# how fast are bands going with out ammo just wondering if anyone figuerd that out



## romanljc (May 26, 2014)

How fast does rubber travel. When it snaps back with out any ammo . That is whats the fastist they will go there most be a limit


----------



## Mike The Spike (Mar 27, 2014)

That depends on the thickness of the rubber since that determines the weight that is being propelled, the width since that determines wind resistance, and also the composition of the rubber.

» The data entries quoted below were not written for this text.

(* Let $r\ge 0$ and $\ell\ge 1$ be integers, let $G$ be a graph, and let $H$ be an $r$-shallow minor of $G\boxtimes K_\ell$. Then for every integer $s\ge 1$, $$\mathrm{scol}_s(H)\le \ell\,\mathrm{scol}_{2rs+2r+s}(G)\quad\text{and}\quad \mathrm{wcol}_s(H)\le \ell\,\mathrm{wcol}_{2rs+2r+s}(G).$$
   Context: Graphs are finite, simple, undirected. The strong product $G\boxtimes K_\ell$ has vertex set $V(G)\times[\ell]$ with distinct $(a,i),(b,j)$ adjacent iff $a=b$ or $ab\in E(G)$. A model of $H$ in $G'$ assigns to each $v\in V(H)$ a connected subgraph $\mu(v)$ of $G'$, pairwise vertex-disjoint, such that each edge $vw\in E(H)$ has an edge of $G'$ between $\mu(v)$ and $\mu(w)$; $H$ is an $r$-shallow minor of $G'$ if some model has all $\mu(v)$ of radius at most $r$. For a graph $G$, a total order $\preceq$ of $V(G)$, a vertex $v$ and an integer $s\ge1$: $R(G,\preceq,v,s)$ is the set of vertices $w$ for which there is a path $v=w_0,w_1,\dots,w_{s'}=w$ with $0\le s'\le s$, $w\preceq v$, and $v\prec w_i$ for all $i\in[s'-1]$; $Q(G,\preceq,v,s)$ is the set of vertices $w$ for which there is such a path with $w\preceq v$ and $w\prec w_i$ for all $i\in[s'-1]$. The $s$-strong colouring number $\mathrm{scol}_s(G)$ (resp. $s$-weak colouring number $\mathrm{wcol}_s(G)$) is the minimum over total orders $\preceq$ of $\max_v|R(G,\preceq,v,s)|$ (resp. $\max_v|Q(G,\preceq,v,s)|$). *)

theory Defs
  imports Main
begin

type_synonym 'a ugraph = "'a set \<times> 'a set set"

abbreviation verts :: "'a ugraph \<Rightarrow> 'a set" where "verts G \<equiv> fst G"
abbreviation edges :: "'a ugraph \<Rightarrow> 'a set set" where "edges G \<equiv> snd G"

definition graph :: "'a ugraph \<Rightarrow> bool" where
  "graph G \<longleftrightarrow> finite (verts G) \<and>
     (\<forall>e\<in>edges G. \<exists>u v. u \<noteq> v \<and> u \<in> verts G \<and> v \<in> verts G \<and> e = {u, v})"

definition is_walk :: "'a ugraph \<Rightarrow> 'a list \<Rightarrow> bool" where
  "is_walk G ws \<longleftrightarrow> ws \<noteq> [] \<and> set ws \<subseteq> verts G \<and>
     (\<forall>i. Suc i < length ws \<longrightarrow> {ws ! i, ws ! Suc i} \<in> edges G)"

definition is_path :: "'a ugraph \<Rightarrow> 'a list \<Rightarrow> bool" where
  "is_path G ws \<longleftrightarrow> is_walk G ws \<and> distinct ws"

definition subgraph :: "'a ugraph \<Rightarrow> 'a ugraph \<Rightarrow> bool" where
  "subgraph S G \<longleftrightarrow> graph S \<and> verts S \<subseteq> verts G \<and> edges S \<subseteq> edges G"

definition connected_graph :: "'a ugraph \<Rightarrow> bool" where
  "connected_graph G \<longleftrightarrow> verts G \<noteq> {} \<and>
     (\<forall>x\<in>verts G. \<forall>y\<in>verts G. \<exists>ws. is_walk G ws \<and> hd ws = x \<and> last ws = y)"

definition radius_le :: "'a ugraph \<Rightarrow> nat \<Rightarrow> bool" where
  "radius_le G r \<longleftrightarrow> (\<exists>c\<in>verts G. \<forall>x\<in>verts G.
      \<exists>ws. is_walk G ws \<and> hd ws = c \<and> last ws = x \<and> length ws \<le> r + 1)"

definition strong_product_K :: "'a ugraph \<Rightarrow> nat \<Rightarrow> ('a \<times> nat) ugraph" where
  "strong_product_K G l =
    (verts G \<times> {1..l},
     {{(a, i), (b, j)} | a i b j. (a, i) \<noteq> (b, j) \<and> a \<in> verts G \<and> b \<in> verts G \<and>
        i \<in> {1..l} \<and> j \<in> {1..l} \<and> (a = b \<or> {a, b} \<in> edges G)})"

definition shallow_minor :: "nat \<Rightarrow> 'b ugraph \<Rightarrow> 'c ugraph \<Rightarrow> bool" where
  "shallow_minor r H G' \<longleftrightarrow> (\<exists>\<mu> :: 'b \<Rightarrow> 'c ugraph.
     (\<forall>v\<in>verts H. subgraph (\<mu> v) G' \<and> connected_graph (\<mu> v) \<and> radius_le (\<mu> v) r) \<and>
     (\<forall>v\<in>verts H. \<forall>w\<in>verts H. v \<noteq> w \<longrightarrow> verts (\<mu> v) \<inter> verts (\<mu> w) = {}) \<and>
     (\<forall>v\<in>verts H. \<forall>w\<in>verts H. {v, w} \<in> edges H \<longrightarrow>
        (\<exists>x\<in>verts (\<mu> v). \<exists>y\<in>verts (\<mu> w). {x, y} \<in> edges G')))"

text \<open>Orders are relations ord with (x,y) in ord meaning x \<preceq> y.\<close>
definition sreach :: "'a ugraph \<Rightarrow> 'a rel \<Rightarrow> 'a \<Rightarrow> nat \<Rightarrow> 'a set" where
  "sreach G ord v s = {w. \<exists>ws. is_path G ws \<and> hd ws = v \<and> last ws = w \<and>
      length ws \<le> s + 1 \<and> (w, v) \<in> ord \<and>
      (\<forall>i. 0 < i \<and> i < length ws - 1 \<longrightarrow> (v, ws ! i) \<in> ord \<and> ws ! i \<noteq> v)}"

definition wreach :: "'a ugraph \<Rightarrow> 'a rel \<Rightarrow> 'a \<Rightarrow> nat \<Rightarrow> 'a set" where
  "wreach G ord v s = {w. \<exists>ws. is_path G ws \<and> hd ws = v \<and> last ws = w \<and>
      length ws \<le> s + 1 \<and> (w, v) \<in> ord \<and>
      (\<forall>i. 0 < i \<and> i < length ws - 1 \<longrightarrow> (w, ws ! i) \<in> ord \<and> ws ! i \<noteq> w)}"

definition scol :: "nat \<Rightarrow> 'a ugraph \<Rightarrow> nat" where
  "scol s G = (LEAST k. \<exists>ord. linear_order_on (verts G) ord \<and>
      (\<forall>v\<in>verts G. card (sreach G ord v s) \<le> k))"

definition wcol :: "nat \<Rightarrow> 'a ugraph \<Rightarrow> nat" where
  "wcol s G = (LEAST k. \<exists>ord. linear_order_on (verts G) ord \<and>
      (\<forall>v\<in>verts G. card (wreach G ord v s) \<le> k))"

The fastest rubber seems to be pure natural latex, and it seems to snap back at between 400-450 fps max from what I hear.


----------



## jazz (May 15, 2012)

yeah, this is a good question I was asking myself these days, but more specificaly related to TBG because I use it almost exclusively.

My question would be also at which point the bands are fastest - is it that point somewhere half the length of the draw where pouch is usualy separated form the ammo or somewhere else?

also, what would be the way to measure that speed?

thanks,

jazz


----------



## Charles (Aug 26, 2010)

In the Speed Freaks thread, you will find some velocities over 500 fps, so latex bands will certainly exceed that with no ammo. As I recall, Bill Hays said somewhere that he measured the velocity without ammo, and just the bare latex will retract at about 600 fps. As others have said, a lot depends on just how the bands are cut, their exact composition, and the local temperature.

Cheers ..... Charles


----------



## Henry the Hermit (Jun 2, 2010)

Mike The Spike said:


> That depends on the thickness of the rubber since that determines the weight that is being propelled, the width since that determines wind resistance, and also the composition of the rubber. The fastest rubber seems to be pure natural latex, and it seems to snap back at between 400-450 fps max from what I hear.


I'm going to assume that unloaded rubber (no projectile, no pouch) is faster than loaded rubber. This theory is born out by results in the 300 Club where the lightest projectiles have achieved the highest speeds. Also these results prove that the fastest rubber is capable of retracting at 500+ fps. Here's proof. Note that 3 members have successfully exceeded 500 fps.

http://slingshotforum.com/topic/21109-slingshot-forum-300-club/

Note: I see that Charles beat me to it, but that's OK . I'll post anyway to get the link in. I suspect Bill is correct, that 600 fps+- is as fast as today's rubber will ever get.


----------